* [GOAL OF THE EXERCISE]:
How many lines of these records hold the string "germs"? Reply with the number alone.

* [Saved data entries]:
━━━━

(* Let $a,b$ be a parallel pair of a regular curve $M$ such that neither $a$ nor $b$ is an inflexion point. If $M$ is curved in the different sides at $a$ and $b$, then the pair $a,b$ cannot produce an asymptote of $\mathrm{CSS}(M)$.
   Context: Two distinct points $a,b\in M$ form a parallel pair if their tangent lines are parallel. $\tau_v$ denotes translation by $v$. $M$ is curved in the same side (resp. different sides) at $a$ and $b$ if the germs of $M$ and $\tau_{a-b}(M)$ at $a=\tau_{a-b}(b)$ lie on the same side (resp. different sides) of the tangent line to $M$ at $a$. The Centre Symmetry Set $\mathrm{CSS}(M)$ is the envelope of lines through parallel pairs. A parallel pair $a,b$ produces an asymptote of $\mathrm{CSS}(M)$ if, for local arc-length parameterizations $f$ near $a=f(s)$ and $g$ near $b=g(t)$ chosen with $f'(s)=-g'(t)$, one has $\kappa_f(s)+\kappa_g(t)=0$ ($\kappa$ the signed curvature); then the line through $a,b$ is an asymptote of $\mathrm{CSS}(M)$. *)

theory Defs
  imports "HOL-Analysis.Analysis"
begin

definition vel :: "(real \<Rightarrow> complex) \<Rightarrow> real \<Rightarrow> complex" where
  "vel f u = vector_derivative f (at u)"

definition acc :: "(real \<Rightarrow> complex) \<Rightarrow> real \<Rightarrow> complex" where
  "acc f u = vector_derivative (vel f) (at u)"

text \<open>Signed curvature of a (unit speed) parameterization: det(f', f'').\<close>
definition curvature :: "(real \<Rightarrow> complex) \<Rightarrow> real \<Rightarrow> real" where
  "curvature f u = Im (cnj (vel f u) * acc f u)"

definition local_arclength_param ::
  "complex set \<Rightarrow> (real \<Rightarrow> complex) \<Rightarrow> real \<Rightarrow> complex \<Rightarrow> bool" where
  "local_arclength_param M f s a \<longleftrightarrow> f s = a \<and>
     (\<exists>I U. open I \<and> is_interval I \<and> s \<in> I \<and> open U \<and> a \<in> U \<and>
        inj_on f I \<and> f ` I = M \<inter> U \<and>
        (\<forall>u\<in>I. (f has_vector_derivative vel f u) (at u) \<and>
                 (vel f has_vector_derivative acc f u) (at u) \<and>
                 norm (vel f u) = 1) \<and>
        continuous_on I (acc f))"

definition regular_curve :: "complex set \<Rightarrow> bool" where
  "regular_curve M \<longleftrightarrow> (\<forall>a\<in>M. \<exists>f s. local_arclength_param M f s a)"

definition inflexion_point :: "complex set \<Rightarrow> complex \<Rightarrow> bool" where
  "inflexion_point M a \<longleftrightarrow>
     (\<exists>f s. local_arclength_param M f s a \<and> curvature f s = 0)"

definition parallel_pair :: "complex set \<Rightarrow> complex \<Rightarrow> complex \<Rightarrow> bool" where
  "parallel_pair M a b \<longleftrightarrow> a \<in> M \<and> b \<in> M \<and> a \<noteq> b \<and>
     (\<exists>f s g t. local_arclength_param M f s a \<and> local_arclength_param M g t b \<and>
        Im (cnj (vel f s) * vel g t) = 0)"

definition translate :: "complex \<Rightarrow> complex set \<Rightarrow> complex set" where
  "translate v M = (\<lambda>z. z + v) ` M"

text \<open>Germ of a set X at a lies strictly on the side of the tangent line at a
  indicated by the normal n (positive side if sg = 1, negative if sg = -1).\<close>
definition germ_on_side :: "complex set \<Rightarrow> complex \<Rightarrow> complex \<Rightarrow> real \<Rightarrow> bool" where
  "germ_on_side X a n sg \<longleftrightarrow>
     (\<exists>U. open U \<and> a \<in> U \<and> (\<forall>x\<in>X \<inter> U - {a}. sg * Re (cnj n * (x - a)) > 0))"

definition curved_different_sides :: "complex set \<Rightarrow> complex \<Rightarrow> complex \<Rightarrow> bool" where
  "curved_different_sides M a b \<longleftrightarrow>
     (\<exists>f s. local_arclength_param M f s a \<and>
        (let n = \<i> * vel f s in
          (germ_on_side M a n 1 \<and> germ_on_side (translate (a - b) M) a n (-1)) \<or>
          (germ_on_side M a n (-1) \<and> germ_on_side (translate (a - b) M) a n 1)))"

definition produces_asymptote :: "complex set \<Rightarrow> complex \<Rightarrow> complex \<Rightarrow> bool" where
  "produces_asymptote M a b \<longleftrightarrow>
     (\<exists>f s g t. local_arclength_param M f s a \<and> local_arclength_param M g t b \<and>
        vel f s = - vel g t \<and> curvature f s + curvature g t = 0)"

end

theory Submission
  imports Defs
begin

text \<open>Along a unit-speed parameterization the acceleration is \<open>\<kappa> \<i> f'\<close>, so the asymptote
  conditions \<open>f'(s) = - g'(t)\<close> and \<open>\<kappa>\<^sub>f(s) + \<kappa>\<^sub>g(t) = 0\<close> make the accelerations at \<open>a\<close>
  and \<open>b\<close> equal. By the second derivative test, a germ lying strictly on one side of its tangent
  line has acceleration pointing weakly to that side. The germs of \<open>M\<close> at \<open>a\<close> and of
  \<open>\<tau>\<^bsub>a-b\<^esub>(M)\<close> at \<open>a\<close> (the translated germ at \<open>b\<close>) lie on different sides, so the
  common acceleration is tangent, i.e. \<open>\<kappa>\<^sub>f(s) = 0\<close> and \<open>a\<close> is an inflexion point.\<close>

lemma has_real_derivative_local_min:
  fixes \<phi> :: "real \<Rightarrow> real"
  assumes "(\<phi> has_real_derivative l) (at s)" and "eventually (\<lambda>u. \<phi> s \<le> \<phi> u) (at s)"
  shows "l = 0"
  using fun_cong[OF has_derivative_local_min[OF assms(1)[unfolded has_field_derivative_def] assms(2)], of 1]
  by simp

lemma local_min_second_derivative_nonneg:
  fixes \<phi> \<phi>' :: "real \<Rightarrow> real"
  assumes I: "open I" "s \<in> I"
    and \<phi>': "\<And>u. u \<in> I \<Longrightarrow> (\<phi> has_real_derivative \<phi>' u) (at u)"
    and \<phi>'': "(\<phi>' has_real_derivative c) (at s)"
    and min: "eventually (\<lambda>u. \<phi> s \<le> \<phi> u) (at s)"
  shows "0 \<le> c"
proof (rule ccontr)
  assume "\<not> 0 \<le> c"
  have "\<phi>' s = 0"
    using has_real_derivative_local_min[OF \<phi>'[OF I(2)] min] .
  with \<phi>'' have "((\<lambda>y. \<phi>' y / (y - s)) \<longlongrightarrow> c) (at s)"
    by (simp add: has_field_derivative_iff)
  with \<open>\<not> 0 \<le> c\<close> have "eventually (\<lambda>y. \<phi>' y / (y - s) < 0) (at s)"
    by (simp add: order_tendstoD(2))
  then have "eventually (\<lambda>y. \<phi>' y / (y - s) < 0) (at_right s)"
    by (simp add: eventually_at_split)
  moreover have "eventually (\<lambda>y. s < y) (at_right s)"
    by (rule eventually_at_right_less)
  moreover have "eventually (\<lambda>y. y \<in> I) (at_right s)"
    using I eventually_at_topological eventually_at_split by blast
  moreover have "eventually (\<lambda>y. \<phi> s \<le> \<phi> y) (at_right s)"
    using min eventually_at_split by blast
  ultimately have "eventually (\<lambda>y. \<phi>' y < 0 \<and> y \<in> I \<and> \<phi> s \<le> \<phi> y) (at_right s)"
    by eventually_elim (auto simp: divide_less_0_iff)
  then obtain b where "s < b" and b: "\<And>y. s < y \<Longrightarrow> y < b \<Longrightarrow> \<phi>' y < 0 \<and> y \<in> I \<and> \<phi> s \<le> \<phi> y"
    unfolding eventually_at_right_field by blast
  define y where "y = (s + b) / 2"
  have y: "s < y" "y < b" using \<open>s < b\<close> by (auto simp: y_def)
  have "continuous_on {s..y} \<phi>"
    by (rule DERIV_atLeastAtMost_imp_continuous_on)
      (metis I(2) \<phi>' b y order.strict_trans1 order_le_less)
  then have "\<phi> y < \<phi> s"
    using DERIV_neg_imp_decreasing_open[OF y(1)] \<phi>' b y by (meson order.strict_trans)
  with b[OF y] show False by simp
qed

lemma has_real_derivative_Re_mult:
  assumes "(h has_vector_derivative v) F"
  shows "((\<lambda>u. c * Re (w * h u)) has_real_derivative c * Re (w * v)) F"
proof -
  have "bounded_linear (\<lambda>z. c * Re (w * z))"
    by (intro bounded_linear_const_mult bounded_linear_compose[OF bounded_linear_Re]
        bounded_linear_mult_right)
  from bounded_linear.has_vector_derivative[OF this assms] show ?thesis
    by (simp add: has_real_derivative_iff_has_vector_derivative)
qed

lemma local_arclength_paramE:
  assumes "local_arclength_param M f s p"
  obtains I U where "f s = p" "open I" "s \<in> I" "open U" "p \<in> U" "inj_on f I" "f ` I = M \<inter> U"
    "\<And>u. u \<in> I \<Longrightarrow> (f has_vector_derivative vel f u) (at u)"
    "\<And>u. u \<in> I \<Longrightarrow> (vel f has_vector_derivative acc f u) (at u)"
    "\<And>u. u \<in> I \<Longrightarrow> norm (vel f u) = 1"
  using assms unfolding local_arclength_param_def by metis

lemma local_arclength_param_acc_orthogonal:
  assumes "local_arclength_param M f s p"
  shows "Re (cnj (vel f s) * acc f s) = 0"
proof -
  obtain I where I: "open I" "s \<in> I"
    and acc: "(vel f has_vector_derivative acc f s) (at s)"
    and unit: "\<And>u. u \<in> I \<Longrightarrow> norm (vel f u) = 1"
    using local_arclength_paramE[OF assms] by metis
  have "eventually (\<lambda>u. u \<in> I) (at s)"
    using I eventually_at_topological by blast
  then have "eventually (\<lambda>u. (-1) * Re (cnj (vel f s) * vel f s) \<le> (-1) * Re (cnj (vel f s) * vel f u)) (at s)"
  proof eventually_elim
    case (elim u)
    have "Re (cnj (vel f s) * vel f u) \<le> 1"
      using complex_Re_le_cmod[of "cnj (vel f s) * vel f u"] unit[OF elim] unit[OF I(2)]
      by (simp add: norm_mult)
    moreover have "cnj (vel f s) * vel f s = 1"
      using unit[OF I(2)] complex_norm_square[of "vel f s"] by (simp add: mult.commute)
    ultimately show ?case by simp
  qed
  from has_real_derivative_local_min[OF has_real_derivative_Re_mult[OF acc] this] show ?thesis
    by simp
qed

lemma local_arclength_param_acc_eq:
  assumes "local_arclength_param M f s p"
  shows "acc f s = \<i> * of_real (curvature f s) * vel f s"
proof -
  have unit: "vel f s * cnj (vel f s) = 1"
    using local_arclength_paramE[OF assms] complex_norm_square[of "vel f s"] by (metis of_real_1 power_one)
  have "cnj (vel f s) * acc f s = \<i> * of_real (curvature f s)"
    using local_arclength_param_acc_orthogonal[OF assms]
    by (simp add: complex_eq_iff curvature_def)
  then have "vel f s * cnj (vel f s) * acc f s = vel f s * (\<i> * of_real (curvature f s))"
    by (simp add: mult.assoc)
  with unit show ?thesis by (simp add: ac_simps)
qed

lemma germ_on_side_local_arclength_param:
  assumes param: "local_arclength_param M f s p" and side: "germ_on_side M p n sg" and "sg \<noteq> 0"
  shows "Re (cnj n * vel f s) = 0" and "0 \<le> sg * Re (cnj n * acc f s)"
proof -
  obtain I U where "f s = p" and I: "open I" "s \<in> I" and "inj_on f I" "f ` I = M \<inter> U"
    and vel: "\<And>u. u \<in> I \<Longrightarrow> (f has_vector_derivative vel f u) (at u)"
    and acc: "(vel f has_vector_derivative acc f s) (at s)"
    using local_arclength_paramE[OF param] by metis
  obtain V where V: "open V" "p \<in> V" and V_side: "\<forall>x\<in>M \<inter> V - {p}. sg * Re (cnj n * (x - p)) > 0"
    using side unfolding germ_on_side_def by blast
  define \<phi> where "\<phi> u = sg * Re (cnj n * f u)" for u
  have "((\<lambda>u. f u) \<longlongrightarrow> p) (at s)"
    using vel[OF I(2)] \<open>f s = p\<close> has_vector_derivative_continuous continuous_at by blast
  then have "eventually (\<lambda>u. f u \<in> V) (at s)"
    using V topological_tendstoD by blast
  moreover have "eventually (\<lambda>u. u \<in> I \<and> u \<noteq> s) (at s)"
    using I eventually_at_topological by blast
  ultimately have min: "eventually (\<lambda>u. \<phi> s \<le> \<phi> u) (at s)"
  proof eventually_elim
    case (elim u)
    then have "f u \<in> M \<inter> V - {p}"
      using \<open>f s = p\<close> \<open>inj_on f I\<close> \<open>f ` I = M \<inter> U\<close> I(2) by (auto dest: inj_onD)
    with V_side have "0 < sg * Re (cnj n * (f u - p))"
      by blast
    with \<open>f s = p\<close> show ?case
      by (simp add: \<phi>_def algebra_simps)
  qed
  have "0 \<le> sg * Re (cnj n * acc f s)"
    using local_min_second_derivative_nonneg[OF I _ _ min, where \<phi>' = "\<lambda>u. sg * Re (cnj n * vel f u)"]
    unfolding \<phi>_def using has_real_derivative_Re_mult vel acc by blast
  moreover have "sg * Re (cnj n * vel f s) = 0"
    using has_real_derivative_local_min[OF has_real_derivative_Re_mult[OF vel[OF I(2)]] min[unfolded \<phi>_def]] .
  ultimately show "Re (cnj n * vel f s) = 0" and "0 \<le> sg * Re (cnj n * acc f s)"
    using \<open>sg \<noteq> 0\<close> by auto
qed

lemma germ_on_side_untranslate:
  assumes "germ_on_side (translate d X) (p + d) n sg"
  shows "germ_on_side X p n sg"
proof -
  obtain U where U: "open U" "p + d \<in> U"
    and side: "\<forall>x\<in>translate d X \<inter> U - {p + d}. sg * Re (cnj n * (x - (p + d))) > 0"
    using assms unfolding germ_on_side_def by blast
  have "open ((\<lambda>z. z - d) ` U)" "p \<in> (\<lambda>z. z - d) ` U"
    using open_translation_subtract[OF U(1)] U(2) by (auto intro: image_eqI[of _ _ "p + d"])
  moreover have "sg * Re (cnj n * (x - p)) > 0" if "x \<in> X \<inter> (\<lambda>z. z - d) ` U - {p}" for x
    using side[rule_format, of "x + d"] that by (auto simp: translate_def)
  ultimately show ?thesis
    unfolding germ_on_side_def by blast
qed

theorem lemma4p6:
  fixes M :: "complex set" and a b :: complex
  assumes "regular_curve M"
    and "parallel_pair M a b"
    and "\<not> inflexion_point M a" and "\<not> inflexion_point M b"
    and "curved_different_sides M a b"
  shows "\<not> produces_asymptote M a b"
proof
  assume "produces_asymptote M a b"
  then obtain f s g t where f: "local_arclength_param M f s a" and g: "local_arclength_param M g t b"
    and opposite: "vel f s = - vel g t" and curvature_sum: "curvature f s + curvature g t = 0"
    unfolding produces_asymptote_def by blast
  obtain f' s' sg where f': "local_arclength_param M f' s' a" and "sg \<noteq> 0"
    and side_M: "germ_on_side M a (\<i> * vel f' s') sg"
    and side_translate: "germ_on_side (translate (a - b) M) (b + (a - b)) (\<i> * vel f' s') (- sg)"
    using assms(5) unfolding curved_different_sides_def Let_def
    by (metis add.commute diff_add_cancel minus_minus neg_equal_zero zero_neq_one)
  define n where "n = \<i> * vel f' s'"
  have "n \<noteq> 0"
    using local_arclength_paramE[OF f'] by (metis n_def norm_zero zero_neq_one mult_eq_0_iff complex_i_not_zero)
  have "vel f s \<noteq> 0"
    using local_arclength_paramE[OF f] by (metis norm_zero zero_neq_one)
  have tangent: "Re (cnj n * vel f s) = 0" and "0 \<le> sg * Re (cnj n * acc f s)"
    using germ_on_side_local_arclength_param[OF f side_M \<open>sg \<noteq> 0\<close>] by (simp_all add: n_def)
  moreover have "0 \<le> - sg * Re (cnj n * acc g t)"
    using germ_on_side_local_arclength_param(2)[OF g germ_on_side_untranslate[OF side_translate]] \<open>sg \<noteq> 0\<close>
    by (simp add: n_def)
  moreover have "acc g t = acc f s"
    using local_arclength_param_acc_eq[OF f] local_arclength_param_acc_eq[OF g] opposite curvature_sum
    by (simp add: eq_neg_iff_add_eq_0[symmetric])
  ultimately have "Re (cnj n * acc f s) = 0"
    using \<open>sg \<noteq> 0\<close> by (smt (verit) mult_minus_left zero_le_mult_iff)
  then have "curvature f s * Im (cnj n * vel f s) = 0"
    by (auto simp: local_arclength_param_acc_eq[OF f] mult.commute)
  moreover have "Im (cnj n * vel f s) \<noteq> 0"
    using tangent \<open>n \<noteq> 0\<close> \<open>vel f s \<noteq> 0\<close>
    by (metis complex_cnj_zero_iff complex_eqI mult_eq_0_iff zero_complex.sel)
  ultimately have "curvature f s = 0"
    by simp
  with f assms(3) show False
    unfolding inflexion_point_def by blast
qed

end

━━━━

* [WRITTEN RESPONSE]:
2